Copy all the records exactly; the complete set is the expected result.

--- START ---

definition is_leaf :: "('x, 'y, 'f) dff \<Rightarrow> bool" where
  "is_leaf v \<longleftrightarrow> kids v = []"

definition dff_tree :: "'y set \<Rightarrow> 'f set \<Rightarrow> ('x, 'y, 'f) dff \<Rightarrow> bool" where
  "dff_tree Ys Phi t \<longleftrightarrow>
     ny t = None \<and> nphi t = None \<and>
     (\<forall>p v. reach t p v \<longrightarrow>
        (ny v = None \<or> (\<exists>y\<in>Ys. ny v = Some y)) \<and>
        (nphi v = None \<or> (\<exists>\<phi>\<in>Phi. nphi v = Some \<phi>)) \<and>
        (nx v = None \<longleftrightarrow> is_leaf v) \<and>
        (\<forall>e\<in>set (kids v). snd (fst e) \<in> Ys) \<and>
        (p \<noteq> [] \<longrightarrow> ny v \<noteq> Some (snd (fst (snd (last p)))) \<longrightarrow> nphi v \<noteq> None))"

definition labeled_examples :: "('x, 'y, 'f) step list \<Rightarrow> ('x \<times> 'y) set" where
  "labeled_examples p = {(x, y). \<exists>lab \<phi>. (Some x, lab, Some y, \<phi>) \<in> set p}"

definition path_consistent ::
  "('x \<Rightarrow> 'y) \<times> ('x \<Rightarrow> 'x \<Rightarrow> 'f option) \<Rightarrow> ('x, 'y, 'f) step list \<Rightarrow> bool" where
  "path_consistent T p \<longleftrightarrow>
     (\<forall>(xo, (xh, yh), yo, \<phi>o) \<in> set p. \<exists>x. xo = Some x \<and> yo = Some (fst T x) \<and>
        (fst T x \<noteq> yh \<longrightarrow> snd T x xh = \<phi>o))"

definition shattered ::
  "(('x \<Rightarrow> 'y) \<times> ('x \<Rightarrow> 'x \<Rightarrow> 'f option)) set \<Rightarrow> ('x \<times> 'y) set \<Rightarrow> ('x, 'y, 'f) dff \<Rightarrow> nat \<Rightarrow> bool" where
  "shattered TT H t h \<longleftrightarrow>
     (\<forall>p v. reach t p v \<longrightarrow> p \<noteq> [] \<longrightarrow> ny v \<noteq> Some (snd (fst (snd (last p))))) \<and>
     (\<forall>p v. reach t p v \<longrightarrow> \<not> is_leaf v \<longrightarrow> fst ` set (kids v) = H \<union> labeled_examples p) \<and>
     (\<forall>p v. reach t p v \<longrightarrow> is_leaf v \<longrightarrow> (\<exists>T\<in>restrict_class TT H. path_consistent T p)) \<and>
     (\<forall>p v. reach t p v \<longrightarrow> is_leaf v \<longrightarrow> length p = h)"

definition DFFdim ::
  "'y set \<Rightarrow> 'f set \<Rightarrow> (('x \<Rightarrow> 'y) \<times> ('x \<Rightarrow> 'x \<Rightarrow> 'f option)) set \<Rightarrow> ('x \<times> 'y) set \<Rightarrow> enat" where
  "DFFdim Ys Phi TT H = Sup {enat h | h. \<exists>t. dff_tree Ys Phi t \<and> shattered TT H t h}"

definition sat :: "('x \<Rightarrow> bool) set \<Rightarrow> 'x \<Rightarrow> bool" where
  "sat S x \<longleftrightarrow> (\<forall>\<phi>\<in>S. \<phi> x)"

definition neg :: "('x \<Rightarrow> bool) \<Rightarrow> ('x \<Rightarrow> bool)" where
  "neg \<phi> = (\<lambda>x. \<not> \<phi> x)"

definition Fset :: "('x \<Rightarrow> bool) set \<Rightarrow> 'x \<Rightarrow> ('x \<Rightarrow> bool) set" where
  "Fset Phi x = {\<phi> \<in> Phi. \<phi> x}"

text \<open>The collection is indexed S 1, ..., S R; q maps indices 1..R to labels 1..L.\<close>

definition rcm_label :: "nat \<Rightarrow> (nat \<Rightarrow> ('x \<Rightarrow> bool) set) \<Rightarrow> (nat \<Rightarrow> nat) \<Rightarrow> 'x \<Rightarrow> nat" where
  "rcm_label R S q x =
     (if \<exists>j\<in>{1..R}. sat (S j) x then q (SOME j. j \<in> {1..R} \<and> sat (S j) x) else 0)"

definition rcm_defined :: "nat \<Rightarrow> (nat \<Rightarrow> ('x \<Rightarrow> bool) set) \<Rightarrow> (nat \<Rightarrow> nat) \<Rightarrow> bool" where
  "rcm_defined R S q \<longleftrightarrow>
     (\<forall>x. \<forall>i\<in>{1..R}. \<forall>j\<in>{1..R}. sat (S i) x \<longrightarrow> sat (S j) x \<longrightarrow> q i = q j)"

--- END ---

▶ [RESULT OF THE EXERCISE]:
definition is_leaf :: "('x, 'y, 'f) dff \<Rightarrow> bool" where
  "is_leaf v \<longleftrightarrow> kids v = []"

definition dff_tree :: "'y set \<Rightarrow> 'f set \<Rightarrow> ('x, 'y, 'f) dff \<Rightarrow> bool" where
  "dff_tree Ys Phi t \<longleftrightarrow>
     ny t = None \<and> nphi t = None \<and>
     (\<forall>p v. reach t p v \<longrightarrow>
        (ny v = None \<or> (\<exists>y\<in>Ys. ny v = Some y)) \<and>
        (nphi v = None \<or> (\<exists>\<phi>\<in>Phi. nphi v = Some \<phi>)) \<and>
        (nx v = None \<longleftrightarrow> is_leaf v) \<and>
        (\<forall>e\<in>set (kids v). snd (fst e) \<in> Ys) \<and>
        (p \<noteq> [] \<longrightarrow> ny v \<noteq> Some (snd (fst (snd (last p)))) \<longrightarrow> nphi v \<noteq> None))"

definition labeled_examples :: "('x, 'y, 'f) step list \<Rightarrow> ('x \<times> 'y) set" where
  "labeled_examples p = {(x, y). \<exists>lab \<phi>. (Some x, lab, Some y, \<phi>) \<in> set p}"

definition path_consistent ::
  "('x \<Rightarrow> 'y) \<times> ('x \<Rightarrow> 'x \<Rightarrow> 'f option) \<Rightarrow> ('x, 'y, 'f) step list \<Rightarrow> bool" where
  "path_consistent T p \<longleftrightarrow>
     (\<forall>(xo, (xh, yh), yo, \<phi>o) \<in> set p. \<exists>x. xo = Some x \<and> yo = Some (fst T x) \<and>
        (fst T x \<noteq> yh \<longrightarrow> snd T x xh = \<phi>o))"

definition shattered ::
  "(('x \<Rightarrow> 'y) \<times> ('x \<Rightarrow> 'x \<Rightarrow> 'f option)) set \<Rightarrow> ('x \<times> 'y) set \<Rightarrow> ('x, 'y, 'f) dff \<Rightarrow> nat \<Rightarrow> bool" where
  "shattered TT H t h \<longleftrightarrow>
     (\<forall>p v. reach t p v \<longrightarrow> p \<noteq> [] \<longrightarrow> ny v \<noteq> Some (snd (fst (snd (last p))))) \<and>
     (\<forall>p v. reach t p v \<longrightarrow> \<not> is_leaf v \<longrightarrow> fst ` set (kids v) = H \<union> labeled_examples p) \<and>
     (\<forall>p v. reach t p v \<longrightarrow> is_leaf v \<longrightarrow> (\<exists>T\<in>restrict_class TT H. path_consistent T p)) \<and>
     (\<forall>p v. reach t p v \<longrightarrow> is_leaf v \<longrightarrow> length p = h)"

definition DFFdim ::
  "'y set \<Rightarrow> 'f set \<Rightarrow> (('x \<Rightarrow> 'y) \<times> ('x \<Rightarrow> 'x \<Rightarrow> 'f option)) set \<Rightarrow> ('x \<times> 'y) set \<Rightarrow> enat" where
  "DFFdim Ys Phi TT H = Sup {enat h | h. \<exists>t. dff_tree Ys Phi t \<and> shattered TT H t h}"

definition sat :: "('x \<Rightarrow> bool) set \<Rightarrow> 'x \<Rightarrow> bool" where
  "sat S x \<longleftrightarrow> (\<forall>\<phi>\<in>S. \<phi> x)"

definition neg :: "('x \<Rightarrow> bool) \<Rightarrow> ('x \<Rightarrow> bool)" where
  "neg \<phi> = (\<lambda>x. \<not> \<phi> x)"

definition Fset :: "('x \<Rightarrow> bool) set \<Rightarrow> 'x \<Rightarrow> ('x \<Rightarrow> bool) set" where
  "Fset Phi x = {\<phi> \<in> Phi. \<phi> x}"

text \<open>The collection is indexed S 1, ..., S R; q maps indices 1..R to labels 1..L.\<close>

definition rcm_label :: "nat \<Rightarrow> (nat \<Rightarrow> ('x \<Rightarrow> bool) set) \<Rightarrow> (nat \<Rightarrow> nat) \<Rightarrow> 'x \<Rightarrow> nat" where
  "rcm_label R S q x =
     (if \<exists>j\<in>{1..R}. sat (S j) x then q (SOME j. j \<in> {1..R} \<and> sat (S j) x) else 0)"

definition rcm_defined :: "nat \<Rightarrow> (nat \<Rightarrow> ('x \<Rightarrow> bool) set) \<Rightarrow> (nat \<Rightarrow> nat) \<Rightarrow> bool" where
  "rcm_defined R S q \<longleftrightarrow>
     (\<forall>x. \<forall>i\<in>{1..R}. \<forall>j\<in>{1..R}. sat (S i) x \<longrightarrow> sat (S j) x \<longrightarrow> q i = q j)"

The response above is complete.